§ What you should do:
Could you please return each line of the data that has the word "using"?

Recorded data:
□ □ □ □ □ □ □

text \<open>Action (\<rho> \<otimes> ad)(x): on pure tensors w \<otimes> y it gives \<rho>(x)w \<otimes> y + w \<otimes> [x,y].\<close>
definition tact :: "('n::finite mat \<Rightarrow> 'm::finite mat) \<Rightarrow> 'n mat \<Rightarrow> complex^'n^'n^'m \<Rightarrow> complex^'n^'n^'m" where
  "tact \<rho> x T = (\<chi> k. (\<Sum>j\<in>UNIV. mscale ((\<rho> x)$k$j) (T$j)) + comm x (T$k))"

definition generated_submodule ::
  "'n::finite mat set \<Rightarrow> ('n mat \<Rightarrow> 'm::finite mat) \<Rightarrow> (complex^'n^'n^'m) set \<Rightarrow> (complex^'n^'n^'m) set" where
  "generated_submodule g \<rho> X =
     \<Inter>{S. module.subspace tscale S \<and> X \<subseteq> S \<and> (\<forall>x\<in>g. \<forall>T\<in>S. tact \<rho> x T \<in> S)}"

end

theory Submission
  imports Defs
begin

text \<open>Let S be a g-submodule of W \<otimes> g containing W \<otimes> h. The matrices y with
  W \<otimes> y \<subseteq> S form a subspace G containing h. For a \<in> h and v \<in> g the action of v on
  w \<otimes> a is \<rho>(v)w \<otimes> a + w \<otimes> [v,a], whose first summand already lies in W \<otimes> h, so G also
  contains [h,g].

  The identity E \<subseteq> h + [h,E] is proved for every ad h-invariant subspace E of g by induction
  on dim E. If some x \<in> h does not act nilpotently on E, the Fitting decomposition
  E = E_0(x) + (ad x)^K E splits E into the generalized null space E_0(x), which is a smaller
  h-invariant subspace, and a part contained in [h,E]. If every x \<in> h acts nilpotently on E,
  an Engel-type argument along the lower central series of h finds, whenever E \<not>\<subseteq> h, an
  element of E \<setminus> h that normalizes h, contradicting self-normalization.\<close>

interpretation M: vector_space "mscale :: complex \<Rightarrow> 'n::finite mat \<Rightarrow> 'n mat"
  by unfold_locales (simp_all add: mscale_def vec_eq_iff algebra_simps)

interpretation T: vector_space "tscale :: complex \<Rightarrow> complex^'n::finite^'n^'m::finite \<Rightarrow> _"
  by unfold_locales (simp_all add: tscale_def mscale_def vec_eq_iff algebra_simps)

definition matrix_unit :: "'n \<Rightarrow> 'n \<Rightarrow> 'n::finite mat" where
  "matrix_unit a b = (\<chi> i j. if i = a \<and> j = b then 1 else 0)"

lemma matrix_eq_sum_matrix_units:
  "(A::'n::finite mat) = (\<Sum>(a, b)\<in>UNIV. mscale (A$a$b) (matrix_unit a b))"
proof -
  have "(\<Sum>(a, b)\<in>UNIV. mscale (A$a$b) (matrix_unit a b)) $ i $ j
      = (\<Sum>p\<in>UNIV. if p = (i, j) then A$i$j else 0)" for i j
    unfolding sum_component by (rule sum.cong) (auto simp: mscale_def matrix_unit_def split: if_splits)
  then show ?thesis by (simp add: vec_eq_iff)
qed

lemma span_matrix_units: "M.span (range (case_prod matrix_unit)) = (UNIV :: 'n::finite mat set)"
proof -
  have "A \<in> M.span (range (case_prod matrix_unit))" for A :: "'n mat"
    by (subst matrix_eq_sum_matrix_units, unfold split_beta)
      (intro M.span_sum M.span_scale M.span_base rangeI)
  then show ?thesis by auto
qed

lemma finite_basis_mat_exists:
  "\<exists>B. finite B \<and> M.independent B \<and> M.span B = (UNIV :: 'n::finite mat set)"
proof -
  obtain B :: "'n mat set" where B: "B \<subseteq> range (case_prod matrix_unit)" "M.independent B"
    "range (case_prod matrix_unit) \<subseteq> M.span B"
    by (rule M.maximal_independent_subset)
  have "finite B" using B(1) by (rule finite_subset) simp
  moreover have "M.span B = UNIV"
    using M.span_minimal[OF B(3) M.subspace_span] span_matrix_units by auto
  ultimately show ?thesis using B(2) by blast
qed

definition mat_basis :: "'n::finite mat set" where
  "mat_basis = (SOME B. finite B \<and> M.independent B \<and> M.span B = UNIV)"

interpretation MF: finite_dimensional_vector_space "mscale :: complex \<Rightarrow> 'n::finite mat \<Rightarrow> 'n mat" mat_basis
  using someI_ex[OF finite_basis_mat_exists] unfolding mat_basis_def[symmetric]
  by unfold_locales auto

lemma matrix_add_rdistrib: "((A::'n::finite mat) + B) ** C = A ** C + B ** C"
  by (vector matrix_matrix_mult_def sum.distrib[symmetric] field_simps)

lemma matrix_diff_rdistrib: "((A::'n::finite mat) - B) ** C = A ** C - B ** C"
  by (vector matrix_matrix_mult_def sum_subtractf[symmetric] field_simps)

lemma matrix_diff_ldistrib: "(A::'n::finite mat) ** (B - C) = A ** B - A ** C"
  by (vector matrix_matrix_mult_def sum_subtractf[symmetric] field_simps)

lemma matrix_mult_mscale_left: "mscale c (A::'n::finite mat) ** B = mscale c (A ** B)"
  by (vector matrix_matrix_mult_def mscale_def sum_distrib_left field_simps)

lemma matrix_mult_mscale_right: "(A::'n::finite mat) ** mscale c B = mscale c (A ** B)"
  by (vector matrix_matrix_mult_def mscale_def sum_distrib_left field_simps)

lemma comm_swap: "comm a b = - comm b a"
  by (simp add: comm_def)

lemma comm_add_right: "comm x (a + b) = comm x a + comm x b"
  by (simp add: comm_def matrix_add_ldistrib matrix_add_rdistrib)

lemma comm_add_left: "comm (a + b) x = comm a x + comm b x"
  by (simp add: comm_def matrix_add_ldistrib matrix_add_rdistrib)

lemma comm_mscale_right: "comm x (mscale c a) = mscale c (comm x a)"
  by (simp add: comm_def matrix_mult_mscale_left matrix_mult_mscale_right M.scale_right_diff_distrib)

□ □ □ □ □ □ □

§ Answer space:
  have "finite B" using B(1) by (rule finite_subset) simp
    using M.span_minimal[OF B(3) M.subspace_span] span_matrix_units by auto
  ultimately show ?thesis using B(2) by blast
  using someI_ex[OF finite_basis_mat_exists] unfolding mat_basis_def[symmetric]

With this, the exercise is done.